The Interstate Agreement on Detainers, a compact authorized by federal statute, provides a simple procedure for transferring custody of prisoners between states. Because the federal government annually seeks to prosecute thousands of prisoners already in state custody, it joined the IAD in 1970 to get the benefit of this unified procedure. When it joined, it did so as a “state” for purposes of the agreement, and exempted itself from only two provisions (which aren’t relevant here). One of the provisions that the federal government decided not to exempt itself from, Article IV(a), allows the governor of the sending state to deny any request made by a receiving state to transfer a prisoner.

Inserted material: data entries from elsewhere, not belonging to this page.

(* Let $R$ be a ring and let $A=\sigma(R)\langle x_1,\dots,x_n\rangle$ be a skew PBW extension of $R$, with associated families $\Sigma=\{\sigma_1,\dots,\sigma_n\}$ and $\Delta=\{\delta_1,\dots,\delta_n\}$. If $R$ is a Baer ring, $R$ is $(\Sigma,\Delta)$-compatible, and $R$ satisfies condition (SA1), then $A$ has Property $(a.c.)$ on the right.
   Context: All rings are associative with identity. For $S\subseteq T$ (a ring $T$), $r_T(S)=\{a\in T: Sa=0\}$ and $\ell_T(S)=\{a\in T: aS=0\}$. A ring $A$ is a skew PBW extension of $R$, written $A=\sigma(R)\langle x_1,\dots,x_n\rangle$, if: (i) $R$ is a subring of $A$ with the same identity; (ii) there are elements $x_1,\dots,x_n\in A$ such that $A$ is a free left $R$-module with basis the standard monomials $x^\alpha=x_1^{\alpha_1}\cdots x_n^{\alpha_n}$, $\alpha\in\mathbb N^n$ (with $x^0=1$); (iii) for each $i$ and each nonzero $r\in R$ there is nonzero $c_{i,r}\in R$ with $x_ir-c_{i,r}x_i\in R$; (iv) for all $i,j$ there is nonzero $d_{i,j}\in R$ with $x_jx_i-d_{i,j}x_ix_j\in R+Rx_1+\cdots+Rx_n$. For such $A$ there are injective endomorphisms $\sigma_i$ of $R$ and $\sigma_i$-derivations $\delta_i$ of $R$ with $x_ir=\sigma_i(r)x_i+\delta_i(r)$ for all $r\in R$; $\Sigma=\{\sigma_1,\dots,\sigma_n\}$, $\Delta=\{\delta_1,\dots,\delta_n\}$. For $\alpha\in\mathbb N^n$, $\sigma^\alpha=\sigma_1^{\alpha_1}\circ\cdots\circ\sigma_n^{\alpha_n}$ and $\delta^\alpha=\delta_1^{\alpha_1}\circ\cdots\circ\delta_n^{\alpha_n}$. $R$ is $\Sigma$-compatible if for all $a,b\in R$ and $\alpha\in\mathbb N^n$: $a\sigma^\alpha(b)=0$ iff $ab=0$; $R$ is $\Delta$-compatible if for all $a,b\in R$ and $\beta\in\mathbb N^n$: $ab=0$ implies $a\delta^\beta(b)=0$; $(\Sigma,\Delta)$-compatible means both. $R$ satisfies condition (SA1) if whenever $fg=0$ for $f=a_0+a_1X_1+\cdots+a_mX_m$ and $g=b_0+b_1Y_1+\cdots+b_tY_t$ in $A$ (with $a_i,b_j\in R$ and $X_i,Y_j$ standard monomials), then $a_ib_j=0$ for all $i,j$. $R$ is a Baer ring if for every nonempty subset $X\subseteq R$ there is an idempotent $e$ with $r_R(X)=eR$. A ring $T$ has Property $(a.c.)$ on the right if for every finitely generated right ideal $I$ of $T$ there is $c\in T$ with $r_T(I)=r_T(cT)$; on the left if for every finitely generated left ideal $I$ there is $c\in T$ with $\ell_T(I)=\ell_T(Tc)$. *)

theory Defs
  imports Main
begin

text \<open>Conventions: the ring A is the ambient type 'a (class ring_1); R is a subset of it.
 The variables x_1..x_n are represented as x 0, ..., x (n-1).
 Exponent vectors alpha in N^n are functions nat => nat vanishing from n on.\<close>

definition exps :: "nat \<Rightarrow> (nat \<Rightarrow> nat) set" where
  "exps n = {\<alpha>. \<forall>i\<ge>n. \<alpha> i = 0}"

definition mono :: "(nat \<Rightarrow> 'a::ring_1) \<Rightarrow> nat \<Rightarrow> (nat \<Rightarrow> nat) \<Rightarrow> 'a" where
  "mono x n \<alpha> = prod_list (map (\<lambda>i. x i ^ \<alpha> i) [0..<n])"

definition coeffs :: "'a::ring_1 set \<Rightarrow> nat \<Rightarrow> ((nat \<Rightarrow> nat) \<Rightarrow> 'a) \<Rightarrow> bool" where
  "coeffs R n c \<longleftrightarrow> finite {\<alpha>. c \<alpha> \<noteq> 0} \<and> (\<forall>\<alpha>. c \<alpha> \<in> R) \<and> (\<forall>\<alpha>. c \<alpha> \<noteq> 0 \<longrightarrow> \<alpha> \<in> exps n)"

definition poly_of :: "(nat \<Rightarrow> 'a::ring_1) \<Rightarrow> nat \<Rightarrow> ((nat \<Rightarrow> nat) \<Rightarrow> 'a) \<Rightarrow> 'a" where
  "poly_of x n c = (\<Sum>\<alpha> \<in> {\<alpha>. c \<alpha> \<noteq> 0}. c \<alpha> * mono x n \<alpha>)"

definition subring_one :: "'a::ring_1 set \<Rightarrow> bool" where
  "subring_one R \<longleftrightarrow> 0 \<in> R \<and> 1 \<in> R \<and> (\<forall>a\<in>R. \<forall>b\<in>R. a + b \<in> R \<and> a * b \<in> R) \<and> (\<forall>a\<in>R. - a \<in> R)"

definition lin1 :: "'a::ring_1 set \<Rightarrow> (nat \<Rightarrow> 'a) \<Rightarrow> nat \<Rightarrow> 'a set" where
  "lin1 R x n = {r0 + (\<Sum>k<n. r k * x k) | r0 r. r0 \<in> R \<and> (\<forall>k. r k \<in> R)}"

definition skew_PBW :: "'a::ring_1 set \<Rightarrow> (nat \<Rightarrow> 'a) \<Rightarrow> nat \<Rightarrow> bool" where
  "skew_PBW R x n \<longleftrightarrow>
     subring_one R \<and>
     (\<forall>a. \<exists>c. coeffs R n c \<and> a = poly_of x n c) \<and>
     (\<forall>c. coeffs R n c \<and> poly_of x n c = 0 \<longrightarrow> (\<forall>\<alpha>. c \<alpha> = 0)) \<and>
     (\<forall>i<n. \<forall>r\<in>R. r \<noteq> 0 \<longrightarrow> (\<exists>c\<in>R. c \<noteq> 0 \<and> x i * r - c * x i \<in> R)) \<and>
     (\<forall>i<n. \<forall>j<n. \<exists>d\<in>R. d \<noteq> 0 \<and> x j * x i - d * x i * x j \<in> lin1 R x n)"

text \<open>sigma and delta are the maps with x_i r = sigma_i(r) x_i + delta_i(r) on R
 (they are uniquely determined by the skew PBW structure)\<close>
definition skew_maps :: "'a::ring_1 set \<Rightarrow> (nat \<Rightarrow> 'a) \<Rightarrow> nat \<Rightarrow> (nat \<Rightarrow> 'a \<Rightarrow> 'a) \<Rightarrow> (nat \<Rightarrow> 'a \<Rightarrow> 'a) \<Rightarrow> bool" where
  "skew_maps R x n \<sigma> \<delta> \<longleftrightarrow>
     (\<forall>i<n. \<forall>r\<in>R. \<sigma> i r \<in> R \<and> \<delta> i r \<in> R \<and> x i * r = \<sigma> i r * x i + \<delta> i r)"
lemma search_words_sound:
  assumes "u \<in> set (search_words ok cs ys w)"
  shows "length u = length w + length ys \<and> take (length w) u = w \<and> set (drop (length w) u) \<subseteq> set cs
    \<and> (\<forall>l. length w < l \<and> l \<le> length u \<longrightarrow> ok (ys ! (l - length w - 1)) (take l u))"
  using assms
proof (induction ys arbitrary: w)
  case Nil
  then show ?case by auto
next
  case (Cons y ys)
  then obtain c where c: "c \<in> set cs" "ok y (w @ [c])" "u \<in> set (search_words ok cs ys (w @ [c]))"
    by (auto split: if_splits)
  note IH = Cons.IH[OF c(3)]
  have len: "length u = length w + length (y # ys)"
    using IH by simp
  have take_Suc: "take (Suc (length w)) u = w @ [c]"
    using IH by simp
  have "take (length w) u = take (length w) (take (Suc (length w)) u)"
    by simp
  then have take_w: "take (length w) u = w"
    using take_Suc by simp
  have "u ! length w = c"
    using take_Suc len by (metis lessI nth_append_length nth_take)
  then have "drop (length w) u = c # drop (Suc (length w)) u"
    using Cons_nth_drop_Suc[of "length w" u] len by simp
  then have drop_w: "set (drop (length w) u) \<subseteq> set cs"
    using IH c(1) by simp
  have "ok ((y # ys) ! (l - length w - 1)) (take l u)" if "length w < l" "l \<le> length u" for l
  proof (cases "l = Suc (length w)")
    case True
    then show ?thesis
      using take_Suc c(2) by simp
  next
    case False
    then show ?thesis
      using IH that by (auto simp: nth_Cons')
  qed
  then show ?case
    using len take_w drop_w by blast
qed

lemma set_search_words:
  "set (search_words ok cs ys []) =
     {u. length u = length ys \<and> set u \<subseteq> set cs \<and> (\<forall>l\<in>{1..length u}. ok (ys ! (l - 1)) (take l u))}"
  using search_words_sound[of _ ok cs ys "[]"] search_words_complete[of _ "[]" ys cs ok]
  by (auto simp: Suc_le_eq)

section \<open>Open maps as labellings\<close>

lemma open_map_iff:
  "open_map V E W F f \<longleftrightarrow> (\<forall>x\<in>V. f x \<in> W \<and> f ` {y\<in>V. E x y} = {z\<in>W. F (f x) z})"
  unfolding open_map_def by blast

lemma image_coeff_vec_conv: "b \<in> coeff_vec ` set V \<longleftrightarrow> (\<exists>i<length V. b = coeff_vec (V ! i))"
  by (metis imageE imageI in_set_conv_nth)

locale coeff_table =
  fixes V :: "int list list"
  assumes distinct: "distinct V"
    and length_8: "x \<in> set V \<Longrightarrow> length x = 8"
begin

lemma length_nth: "i < length V \<Longrightarrow> length (V ! i) = 8"
  using length_8 by simp

lemma coeff_vec_nth_inject:
  "i < length V \<Longrightarrow> j < length V \<Longrightarrow> coeff_vec (V ! i) = coeff_vec (V ! j) \<longleftrightarrow> i = j"
  using distinct by (simp add: coeff_vec_inject length_nth nth_eq_iff_index_eq)

lemma distinct_map_coeff_vec: "distinct (map coeff_vec V)"
  using coeff_vec_nth_inject by (auto simp: distinct_conv_nth)

end

definition label_fun :: "int list list \<Rightarrow> 'a list \<Rightarrow> (nat \<Rightarrow> int) \<Rightarrow> 'a" where
  "label_fun V a = restrict (\<lambda>b. the (map_of (zip (map coeff_vec V) a) b)) (coeff_vec ` set V)"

In September of 2010, Jason Pleau offered to plead guilty to robbery and murder charges in Rhode Island in exchange for life in prison without parole, the harshest sentence that state’s law allows. Pleau’s crimes also allegedly violated federal law, however, and the U.S. government wanted to prosecute Pleau itself in order to seek the death penalty. The federal government thus sought custody through the IAD by filing for the little-known writ of habeas corpus ad prosequendum (“show me the body for prosecution”).

The governor of Rhode Island, Lincoln Chafee, disapproves of the death penalty and used his authority under the IAD’s Article IV(a) to deny the federal request. A federal district court, later affirmed by the U.S. Court of Appeals for the First Circuit, overruled Chafee’s denial, stating that the Supremacy Clause prevented the governor from interfering with the federal government’s wishes.

The First Circuit found that the compact’s specific text and the normal canons of statutory construction were “all beside the point.” According to the court, what was important was that Congress could not possibly have meant to grant state governors the power to deny federal transfer requests—and thus the IAD didn’t affect the balance of power between the federal government and the states. The First Circuit thus granted the writ, and Pleau is now in federal custody.

The question presented here, whether the Supremacy Clause trumps a governor’s right to deny a request for transfer of custody under the IAD, raises two important issues: First, if the First Circuit is right, then the federal government may reap the benefit of interstate bargains without having to fulfill its own obligations under them. Second, the First Circuit’s opinion effectively treats the state courts as inferior to the federal courts, which upsets the system of concurrent sovereignty that the Founders designed.

Cato has joined the Independence Institute to file an amicus brief urging the U.S. Supreme Court to hear this case, with a focus on the second issue. We argue that the U.S. legal system has always recognized the dual sovereignty of federal and state courts, dating back to Chief Justice John Marshall. As Chief Justice Marshall explained, that dual system requires that state courts not be considered inferior to federal courts, and thus federal courts have no independent authority to order prisoners under state jurisdiction to be transferred to the federal system.

Furthermore, when abrogating state sovereignty via the Supremacy Clause, Congress must demonstrate its intent to do so with “unmistakably clear language”—and none of the statutes applicable here contain any such language. Finally, we argue that the First Circuit has misinterpreted relevant Supreme Court precedent and that a proper reading of the relevant case law would establish that a state is well within its rights to treat the federal government like any other state under the IAD and deny its request to transfer a prisoner into federal custody.

The Supreme Court will decide whether to take up the case of Chafee v. United States and Pleau v. United States later this fall.